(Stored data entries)
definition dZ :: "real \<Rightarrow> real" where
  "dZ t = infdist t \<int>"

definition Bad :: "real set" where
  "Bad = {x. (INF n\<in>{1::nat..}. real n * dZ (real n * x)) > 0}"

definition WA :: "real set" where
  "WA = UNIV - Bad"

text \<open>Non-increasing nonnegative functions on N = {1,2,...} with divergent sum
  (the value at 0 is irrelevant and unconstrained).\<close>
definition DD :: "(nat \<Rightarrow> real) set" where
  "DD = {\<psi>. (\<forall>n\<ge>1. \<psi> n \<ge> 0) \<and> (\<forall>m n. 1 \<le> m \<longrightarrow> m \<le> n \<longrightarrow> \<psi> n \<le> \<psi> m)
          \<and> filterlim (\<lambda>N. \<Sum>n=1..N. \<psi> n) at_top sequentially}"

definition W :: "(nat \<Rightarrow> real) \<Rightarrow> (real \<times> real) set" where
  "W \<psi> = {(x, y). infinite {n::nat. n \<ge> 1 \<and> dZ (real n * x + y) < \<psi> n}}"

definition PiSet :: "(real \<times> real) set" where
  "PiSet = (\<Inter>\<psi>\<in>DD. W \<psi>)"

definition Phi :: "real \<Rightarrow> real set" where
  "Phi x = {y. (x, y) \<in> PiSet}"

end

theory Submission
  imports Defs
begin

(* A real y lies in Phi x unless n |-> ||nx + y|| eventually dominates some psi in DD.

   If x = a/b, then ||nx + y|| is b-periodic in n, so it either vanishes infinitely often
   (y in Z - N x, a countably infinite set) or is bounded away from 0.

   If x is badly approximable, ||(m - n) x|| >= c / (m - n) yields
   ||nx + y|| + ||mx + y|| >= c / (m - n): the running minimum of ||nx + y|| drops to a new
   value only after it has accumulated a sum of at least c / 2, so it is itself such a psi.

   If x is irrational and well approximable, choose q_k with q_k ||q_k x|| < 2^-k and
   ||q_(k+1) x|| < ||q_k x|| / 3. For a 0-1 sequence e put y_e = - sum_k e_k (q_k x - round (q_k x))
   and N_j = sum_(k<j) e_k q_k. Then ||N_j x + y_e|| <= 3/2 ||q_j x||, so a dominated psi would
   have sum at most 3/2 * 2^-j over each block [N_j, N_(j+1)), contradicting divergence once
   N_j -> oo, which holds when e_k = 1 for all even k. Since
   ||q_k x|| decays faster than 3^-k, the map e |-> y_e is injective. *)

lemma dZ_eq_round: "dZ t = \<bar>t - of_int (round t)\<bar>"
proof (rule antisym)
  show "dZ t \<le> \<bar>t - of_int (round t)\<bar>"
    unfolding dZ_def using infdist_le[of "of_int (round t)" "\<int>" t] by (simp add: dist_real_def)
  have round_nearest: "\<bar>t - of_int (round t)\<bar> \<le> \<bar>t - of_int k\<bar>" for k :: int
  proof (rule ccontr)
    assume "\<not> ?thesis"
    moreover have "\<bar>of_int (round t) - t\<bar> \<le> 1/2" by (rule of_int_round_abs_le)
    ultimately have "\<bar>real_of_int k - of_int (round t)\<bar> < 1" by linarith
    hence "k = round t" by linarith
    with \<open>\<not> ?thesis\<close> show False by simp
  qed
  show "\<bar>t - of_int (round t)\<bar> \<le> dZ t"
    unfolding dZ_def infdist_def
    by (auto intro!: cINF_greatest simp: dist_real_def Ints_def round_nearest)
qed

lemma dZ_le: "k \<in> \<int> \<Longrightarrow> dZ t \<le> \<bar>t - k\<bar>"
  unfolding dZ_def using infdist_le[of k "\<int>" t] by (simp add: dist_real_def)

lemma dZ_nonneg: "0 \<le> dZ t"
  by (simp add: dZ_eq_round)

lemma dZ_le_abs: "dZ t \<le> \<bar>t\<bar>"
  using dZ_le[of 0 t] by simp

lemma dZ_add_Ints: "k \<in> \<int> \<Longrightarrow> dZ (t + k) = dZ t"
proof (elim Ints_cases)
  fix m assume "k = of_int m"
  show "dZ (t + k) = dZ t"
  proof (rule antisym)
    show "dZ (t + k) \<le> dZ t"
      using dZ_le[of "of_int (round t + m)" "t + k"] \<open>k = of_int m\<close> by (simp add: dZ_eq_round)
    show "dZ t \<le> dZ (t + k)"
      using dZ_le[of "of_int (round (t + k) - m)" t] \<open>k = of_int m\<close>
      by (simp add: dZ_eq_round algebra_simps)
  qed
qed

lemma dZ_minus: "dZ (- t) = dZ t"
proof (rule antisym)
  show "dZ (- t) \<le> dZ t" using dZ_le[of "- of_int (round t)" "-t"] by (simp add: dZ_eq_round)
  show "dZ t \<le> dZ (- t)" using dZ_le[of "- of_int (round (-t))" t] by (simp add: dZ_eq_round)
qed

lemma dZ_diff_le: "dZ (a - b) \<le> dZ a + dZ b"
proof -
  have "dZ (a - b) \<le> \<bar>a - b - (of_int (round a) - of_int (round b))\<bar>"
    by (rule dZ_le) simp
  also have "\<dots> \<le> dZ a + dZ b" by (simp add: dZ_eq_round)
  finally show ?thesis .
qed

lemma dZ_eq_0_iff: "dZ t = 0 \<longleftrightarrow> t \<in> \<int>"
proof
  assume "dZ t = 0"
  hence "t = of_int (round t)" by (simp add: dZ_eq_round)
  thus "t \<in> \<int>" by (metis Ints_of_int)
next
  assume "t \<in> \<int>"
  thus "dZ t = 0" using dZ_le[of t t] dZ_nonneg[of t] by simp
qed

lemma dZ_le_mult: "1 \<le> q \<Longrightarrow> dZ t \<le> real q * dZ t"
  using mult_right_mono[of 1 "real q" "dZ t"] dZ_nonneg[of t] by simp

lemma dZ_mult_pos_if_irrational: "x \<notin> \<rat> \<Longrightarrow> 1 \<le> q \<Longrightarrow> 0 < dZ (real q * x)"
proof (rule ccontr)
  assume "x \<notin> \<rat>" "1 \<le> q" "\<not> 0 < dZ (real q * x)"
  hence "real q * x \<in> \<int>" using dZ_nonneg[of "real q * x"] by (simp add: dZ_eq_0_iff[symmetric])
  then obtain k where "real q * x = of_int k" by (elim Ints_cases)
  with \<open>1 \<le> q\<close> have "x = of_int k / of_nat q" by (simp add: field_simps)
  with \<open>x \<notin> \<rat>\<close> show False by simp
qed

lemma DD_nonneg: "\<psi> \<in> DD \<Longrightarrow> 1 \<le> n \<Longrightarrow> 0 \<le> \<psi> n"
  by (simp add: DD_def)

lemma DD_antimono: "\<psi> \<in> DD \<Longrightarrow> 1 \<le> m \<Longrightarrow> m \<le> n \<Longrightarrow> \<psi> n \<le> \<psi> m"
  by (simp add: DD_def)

==

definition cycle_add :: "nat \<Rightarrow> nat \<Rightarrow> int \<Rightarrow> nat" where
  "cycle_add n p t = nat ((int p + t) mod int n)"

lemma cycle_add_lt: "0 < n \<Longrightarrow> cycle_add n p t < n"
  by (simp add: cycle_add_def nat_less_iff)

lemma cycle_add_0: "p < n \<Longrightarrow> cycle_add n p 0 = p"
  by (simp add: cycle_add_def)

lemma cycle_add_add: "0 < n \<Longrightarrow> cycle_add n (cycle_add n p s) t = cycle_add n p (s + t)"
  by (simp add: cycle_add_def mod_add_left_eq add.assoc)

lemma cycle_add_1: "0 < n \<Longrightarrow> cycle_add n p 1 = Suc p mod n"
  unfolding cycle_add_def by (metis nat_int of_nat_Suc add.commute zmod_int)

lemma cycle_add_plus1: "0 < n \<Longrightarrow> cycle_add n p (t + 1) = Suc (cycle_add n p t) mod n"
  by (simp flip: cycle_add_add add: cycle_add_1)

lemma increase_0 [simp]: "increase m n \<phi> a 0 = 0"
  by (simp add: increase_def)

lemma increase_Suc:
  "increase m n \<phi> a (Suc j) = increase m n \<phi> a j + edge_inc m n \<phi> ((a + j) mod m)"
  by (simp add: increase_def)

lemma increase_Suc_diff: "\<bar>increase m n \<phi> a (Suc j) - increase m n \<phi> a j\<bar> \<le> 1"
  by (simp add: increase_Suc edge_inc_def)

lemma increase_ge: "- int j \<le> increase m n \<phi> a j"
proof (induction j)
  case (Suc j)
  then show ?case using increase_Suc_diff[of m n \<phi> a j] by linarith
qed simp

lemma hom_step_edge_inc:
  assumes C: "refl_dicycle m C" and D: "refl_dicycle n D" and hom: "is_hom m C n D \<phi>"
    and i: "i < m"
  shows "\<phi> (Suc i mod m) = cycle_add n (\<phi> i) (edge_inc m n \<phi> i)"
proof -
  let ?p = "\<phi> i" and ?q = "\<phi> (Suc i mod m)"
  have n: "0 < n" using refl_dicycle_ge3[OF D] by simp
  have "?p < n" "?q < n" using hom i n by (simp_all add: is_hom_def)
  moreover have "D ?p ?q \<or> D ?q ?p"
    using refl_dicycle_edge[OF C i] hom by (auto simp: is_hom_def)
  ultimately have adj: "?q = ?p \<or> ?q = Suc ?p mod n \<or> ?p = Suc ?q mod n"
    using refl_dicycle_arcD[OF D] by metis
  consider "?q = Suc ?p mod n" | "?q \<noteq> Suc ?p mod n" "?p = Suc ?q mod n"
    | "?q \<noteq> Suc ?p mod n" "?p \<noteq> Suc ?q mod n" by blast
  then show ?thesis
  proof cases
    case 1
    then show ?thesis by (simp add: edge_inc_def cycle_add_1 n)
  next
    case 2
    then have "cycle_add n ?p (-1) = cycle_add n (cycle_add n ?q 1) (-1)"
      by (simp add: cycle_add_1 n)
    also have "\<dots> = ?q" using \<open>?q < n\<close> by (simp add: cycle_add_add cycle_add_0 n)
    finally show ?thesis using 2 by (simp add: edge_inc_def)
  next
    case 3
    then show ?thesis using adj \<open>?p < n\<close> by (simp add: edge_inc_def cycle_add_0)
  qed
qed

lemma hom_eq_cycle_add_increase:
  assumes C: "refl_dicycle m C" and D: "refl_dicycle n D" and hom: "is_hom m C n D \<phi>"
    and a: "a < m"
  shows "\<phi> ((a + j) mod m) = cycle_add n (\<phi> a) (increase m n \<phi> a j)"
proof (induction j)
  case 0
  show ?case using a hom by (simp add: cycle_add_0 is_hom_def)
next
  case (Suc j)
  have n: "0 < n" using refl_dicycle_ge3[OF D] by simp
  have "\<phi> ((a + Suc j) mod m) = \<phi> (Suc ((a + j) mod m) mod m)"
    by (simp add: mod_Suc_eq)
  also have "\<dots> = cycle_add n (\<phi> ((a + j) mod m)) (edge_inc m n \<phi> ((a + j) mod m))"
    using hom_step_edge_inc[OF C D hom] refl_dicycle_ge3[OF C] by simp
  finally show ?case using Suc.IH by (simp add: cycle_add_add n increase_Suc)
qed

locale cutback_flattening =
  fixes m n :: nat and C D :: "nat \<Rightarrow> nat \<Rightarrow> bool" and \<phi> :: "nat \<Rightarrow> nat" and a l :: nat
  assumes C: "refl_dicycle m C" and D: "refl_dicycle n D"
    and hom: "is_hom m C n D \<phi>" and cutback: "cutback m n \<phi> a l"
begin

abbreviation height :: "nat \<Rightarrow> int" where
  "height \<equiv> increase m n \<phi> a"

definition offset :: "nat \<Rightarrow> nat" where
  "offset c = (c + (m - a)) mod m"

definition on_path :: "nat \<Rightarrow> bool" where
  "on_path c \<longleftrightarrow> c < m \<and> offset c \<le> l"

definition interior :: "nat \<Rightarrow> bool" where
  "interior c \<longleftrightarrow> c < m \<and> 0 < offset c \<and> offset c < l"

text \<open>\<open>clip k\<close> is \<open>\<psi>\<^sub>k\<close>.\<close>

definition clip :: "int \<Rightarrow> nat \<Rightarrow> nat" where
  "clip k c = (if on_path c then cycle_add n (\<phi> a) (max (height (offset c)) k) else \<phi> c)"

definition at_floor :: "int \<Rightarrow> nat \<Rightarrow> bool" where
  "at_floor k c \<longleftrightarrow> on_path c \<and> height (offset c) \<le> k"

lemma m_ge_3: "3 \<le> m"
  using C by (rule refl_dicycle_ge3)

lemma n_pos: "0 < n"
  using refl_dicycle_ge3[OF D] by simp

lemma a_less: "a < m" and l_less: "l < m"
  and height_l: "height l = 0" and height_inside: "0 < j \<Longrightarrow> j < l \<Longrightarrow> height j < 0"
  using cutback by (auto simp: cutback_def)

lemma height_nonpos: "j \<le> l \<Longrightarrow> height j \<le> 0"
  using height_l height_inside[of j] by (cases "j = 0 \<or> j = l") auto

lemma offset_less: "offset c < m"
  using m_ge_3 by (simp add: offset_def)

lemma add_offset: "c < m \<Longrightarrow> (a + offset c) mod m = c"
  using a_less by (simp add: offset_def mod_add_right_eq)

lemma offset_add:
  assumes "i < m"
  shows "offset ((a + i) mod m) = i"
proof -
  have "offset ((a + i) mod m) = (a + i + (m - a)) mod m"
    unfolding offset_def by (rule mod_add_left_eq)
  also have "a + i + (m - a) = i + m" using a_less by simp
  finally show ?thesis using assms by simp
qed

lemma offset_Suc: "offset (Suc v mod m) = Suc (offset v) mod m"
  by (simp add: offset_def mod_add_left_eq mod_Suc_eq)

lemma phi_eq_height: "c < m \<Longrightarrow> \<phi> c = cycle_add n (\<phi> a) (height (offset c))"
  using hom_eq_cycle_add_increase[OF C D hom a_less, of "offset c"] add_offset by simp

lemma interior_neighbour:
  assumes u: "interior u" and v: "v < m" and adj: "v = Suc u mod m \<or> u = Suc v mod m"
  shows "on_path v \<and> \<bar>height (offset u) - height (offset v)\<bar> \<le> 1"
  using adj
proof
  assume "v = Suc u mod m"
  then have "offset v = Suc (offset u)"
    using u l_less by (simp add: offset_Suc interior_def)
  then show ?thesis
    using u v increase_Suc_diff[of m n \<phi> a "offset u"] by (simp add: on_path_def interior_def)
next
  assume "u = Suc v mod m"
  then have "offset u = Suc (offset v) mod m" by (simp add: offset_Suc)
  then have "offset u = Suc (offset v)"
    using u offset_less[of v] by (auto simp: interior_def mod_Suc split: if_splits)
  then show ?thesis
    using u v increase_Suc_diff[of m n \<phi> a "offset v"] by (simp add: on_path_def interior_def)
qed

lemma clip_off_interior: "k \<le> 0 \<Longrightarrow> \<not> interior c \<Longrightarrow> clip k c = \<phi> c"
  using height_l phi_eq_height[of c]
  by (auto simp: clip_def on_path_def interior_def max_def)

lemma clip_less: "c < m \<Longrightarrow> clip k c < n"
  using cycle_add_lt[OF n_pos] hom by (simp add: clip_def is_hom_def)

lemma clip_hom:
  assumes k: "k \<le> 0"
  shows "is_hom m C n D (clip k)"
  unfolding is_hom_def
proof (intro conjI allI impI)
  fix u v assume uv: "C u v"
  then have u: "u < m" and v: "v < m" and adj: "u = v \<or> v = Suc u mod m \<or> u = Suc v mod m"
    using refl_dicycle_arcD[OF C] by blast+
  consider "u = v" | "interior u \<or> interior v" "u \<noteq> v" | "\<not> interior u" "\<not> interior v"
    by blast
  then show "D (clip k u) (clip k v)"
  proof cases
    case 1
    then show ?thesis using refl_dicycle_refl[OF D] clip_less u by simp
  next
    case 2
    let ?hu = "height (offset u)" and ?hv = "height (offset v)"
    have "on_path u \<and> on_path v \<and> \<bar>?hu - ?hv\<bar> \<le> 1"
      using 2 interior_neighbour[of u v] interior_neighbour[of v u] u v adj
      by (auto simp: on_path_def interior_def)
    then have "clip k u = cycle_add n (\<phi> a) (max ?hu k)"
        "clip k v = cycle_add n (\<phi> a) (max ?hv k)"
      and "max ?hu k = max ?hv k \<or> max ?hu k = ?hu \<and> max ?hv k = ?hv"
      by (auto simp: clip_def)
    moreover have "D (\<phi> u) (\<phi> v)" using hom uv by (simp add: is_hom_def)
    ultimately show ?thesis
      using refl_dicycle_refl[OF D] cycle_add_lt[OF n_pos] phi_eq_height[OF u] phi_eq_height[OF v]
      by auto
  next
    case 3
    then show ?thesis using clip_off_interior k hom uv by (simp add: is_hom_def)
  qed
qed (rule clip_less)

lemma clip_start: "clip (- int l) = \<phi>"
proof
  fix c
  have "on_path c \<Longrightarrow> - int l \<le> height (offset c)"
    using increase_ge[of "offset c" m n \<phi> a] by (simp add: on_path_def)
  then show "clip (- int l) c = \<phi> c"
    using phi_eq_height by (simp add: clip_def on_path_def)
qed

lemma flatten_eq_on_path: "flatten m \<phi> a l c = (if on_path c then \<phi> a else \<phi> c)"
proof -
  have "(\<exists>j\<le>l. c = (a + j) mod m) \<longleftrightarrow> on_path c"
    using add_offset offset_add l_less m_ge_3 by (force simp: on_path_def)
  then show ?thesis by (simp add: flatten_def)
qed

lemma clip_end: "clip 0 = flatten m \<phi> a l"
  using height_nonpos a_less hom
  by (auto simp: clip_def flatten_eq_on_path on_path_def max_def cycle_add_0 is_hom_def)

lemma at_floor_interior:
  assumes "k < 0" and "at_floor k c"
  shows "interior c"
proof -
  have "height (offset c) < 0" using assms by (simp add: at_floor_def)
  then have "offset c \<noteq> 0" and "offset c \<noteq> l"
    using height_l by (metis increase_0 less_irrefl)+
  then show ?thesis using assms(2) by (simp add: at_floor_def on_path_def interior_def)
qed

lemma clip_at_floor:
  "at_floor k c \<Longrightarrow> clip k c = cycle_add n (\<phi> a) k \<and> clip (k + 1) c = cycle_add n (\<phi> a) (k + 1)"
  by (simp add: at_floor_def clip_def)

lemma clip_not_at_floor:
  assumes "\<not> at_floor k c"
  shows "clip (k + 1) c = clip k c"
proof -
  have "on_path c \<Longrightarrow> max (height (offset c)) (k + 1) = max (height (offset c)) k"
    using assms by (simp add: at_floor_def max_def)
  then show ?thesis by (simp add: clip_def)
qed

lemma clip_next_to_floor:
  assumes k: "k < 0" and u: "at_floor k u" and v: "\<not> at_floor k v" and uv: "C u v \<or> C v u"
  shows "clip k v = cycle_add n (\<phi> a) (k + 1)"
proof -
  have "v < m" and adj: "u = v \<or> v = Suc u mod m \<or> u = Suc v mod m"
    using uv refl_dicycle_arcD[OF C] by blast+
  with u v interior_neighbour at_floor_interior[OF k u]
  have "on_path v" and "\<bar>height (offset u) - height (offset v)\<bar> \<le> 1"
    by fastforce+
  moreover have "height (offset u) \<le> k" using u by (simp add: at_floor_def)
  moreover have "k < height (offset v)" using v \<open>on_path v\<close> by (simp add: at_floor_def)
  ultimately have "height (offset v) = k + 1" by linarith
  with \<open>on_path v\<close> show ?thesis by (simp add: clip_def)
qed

---

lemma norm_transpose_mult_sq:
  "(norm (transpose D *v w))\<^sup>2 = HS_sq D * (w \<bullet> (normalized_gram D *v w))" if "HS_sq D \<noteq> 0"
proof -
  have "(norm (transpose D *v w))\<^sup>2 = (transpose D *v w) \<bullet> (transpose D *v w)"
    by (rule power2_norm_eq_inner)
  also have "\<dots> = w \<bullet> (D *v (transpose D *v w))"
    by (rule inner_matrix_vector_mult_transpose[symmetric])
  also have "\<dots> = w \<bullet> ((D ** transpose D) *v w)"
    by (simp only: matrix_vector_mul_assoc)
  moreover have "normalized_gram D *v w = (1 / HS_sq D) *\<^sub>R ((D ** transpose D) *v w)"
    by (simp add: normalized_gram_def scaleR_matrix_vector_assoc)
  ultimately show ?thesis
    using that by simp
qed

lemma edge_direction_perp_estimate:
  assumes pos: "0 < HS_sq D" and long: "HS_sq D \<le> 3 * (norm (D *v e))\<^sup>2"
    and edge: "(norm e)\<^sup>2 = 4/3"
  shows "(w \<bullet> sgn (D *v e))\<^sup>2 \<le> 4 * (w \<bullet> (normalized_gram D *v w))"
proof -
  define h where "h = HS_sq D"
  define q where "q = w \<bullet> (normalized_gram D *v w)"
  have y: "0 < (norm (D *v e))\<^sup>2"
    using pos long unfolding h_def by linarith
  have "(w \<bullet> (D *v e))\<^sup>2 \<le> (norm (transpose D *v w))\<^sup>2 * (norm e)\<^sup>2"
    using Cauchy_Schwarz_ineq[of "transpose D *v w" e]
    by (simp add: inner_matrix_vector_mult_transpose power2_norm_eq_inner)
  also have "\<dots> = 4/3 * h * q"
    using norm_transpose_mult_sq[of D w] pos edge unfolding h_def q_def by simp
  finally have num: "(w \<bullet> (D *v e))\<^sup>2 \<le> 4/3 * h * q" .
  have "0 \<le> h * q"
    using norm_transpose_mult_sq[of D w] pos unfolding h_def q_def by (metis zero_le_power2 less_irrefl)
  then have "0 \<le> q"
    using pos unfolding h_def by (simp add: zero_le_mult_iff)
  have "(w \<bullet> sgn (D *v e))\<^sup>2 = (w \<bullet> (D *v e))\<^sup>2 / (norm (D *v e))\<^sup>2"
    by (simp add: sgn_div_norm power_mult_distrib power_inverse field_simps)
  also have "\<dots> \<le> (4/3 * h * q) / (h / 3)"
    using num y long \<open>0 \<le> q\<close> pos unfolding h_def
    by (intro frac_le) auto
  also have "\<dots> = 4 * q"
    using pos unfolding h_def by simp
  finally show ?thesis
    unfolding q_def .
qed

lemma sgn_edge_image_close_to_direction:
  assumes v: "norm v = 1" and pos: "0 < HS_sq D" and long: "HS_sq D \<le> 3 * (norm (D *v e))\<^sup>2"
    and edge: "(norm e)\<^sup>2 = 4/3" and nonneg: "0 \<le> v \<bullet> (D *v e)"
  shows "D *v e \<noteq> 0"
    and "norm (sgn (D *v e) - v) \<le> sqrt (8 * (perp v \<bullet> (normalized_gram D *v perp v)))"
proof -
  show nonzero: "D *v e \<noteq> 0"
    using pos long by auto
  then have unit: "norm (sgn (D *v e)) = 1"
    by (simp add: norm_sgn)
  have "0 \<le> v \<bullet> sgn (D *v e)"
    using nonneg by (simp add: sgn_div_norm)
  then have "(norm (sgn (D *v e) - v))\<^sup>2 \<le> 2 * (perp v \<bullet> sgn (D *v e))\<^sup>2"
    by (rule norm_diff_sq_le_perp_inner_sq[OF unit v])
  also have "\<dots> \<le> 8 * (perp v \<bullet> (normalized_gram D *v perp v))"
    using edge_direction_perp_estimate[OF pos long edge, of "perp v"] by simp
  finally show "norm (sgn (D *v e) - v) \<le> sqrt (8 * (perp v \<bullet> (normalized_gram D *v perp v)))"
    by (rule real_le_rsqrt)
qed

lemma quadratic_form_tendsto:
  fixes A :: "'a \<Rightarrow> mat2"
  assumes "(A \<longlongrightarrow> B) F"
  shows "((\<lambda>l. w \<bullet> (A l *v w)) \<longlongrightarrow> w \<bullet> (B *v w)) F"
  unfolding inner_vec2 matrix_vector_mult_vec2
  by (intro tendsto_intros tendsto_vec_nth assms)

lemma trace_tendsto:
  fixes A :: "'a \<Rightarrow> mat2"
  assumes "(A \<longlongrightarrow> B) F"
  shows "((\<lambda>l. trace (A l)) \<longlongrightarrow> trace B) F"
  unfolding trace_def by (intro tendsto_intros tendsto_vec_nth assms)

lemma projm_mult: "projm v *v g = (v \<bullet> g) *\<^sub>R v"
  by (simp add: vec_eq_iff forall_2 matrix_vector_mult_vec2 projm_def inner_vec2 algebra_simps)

- [What is required]: Every line above that carries the string "PiSet" should be copied.

- [Task output]:
definition PiSet :: "(real \<times> real) set" where
  "PiSet = (\<Inter>\<psi>\<in>DD. W \<psi>)"
  "Phi x = {y. (x, y) \<in> PiSet}"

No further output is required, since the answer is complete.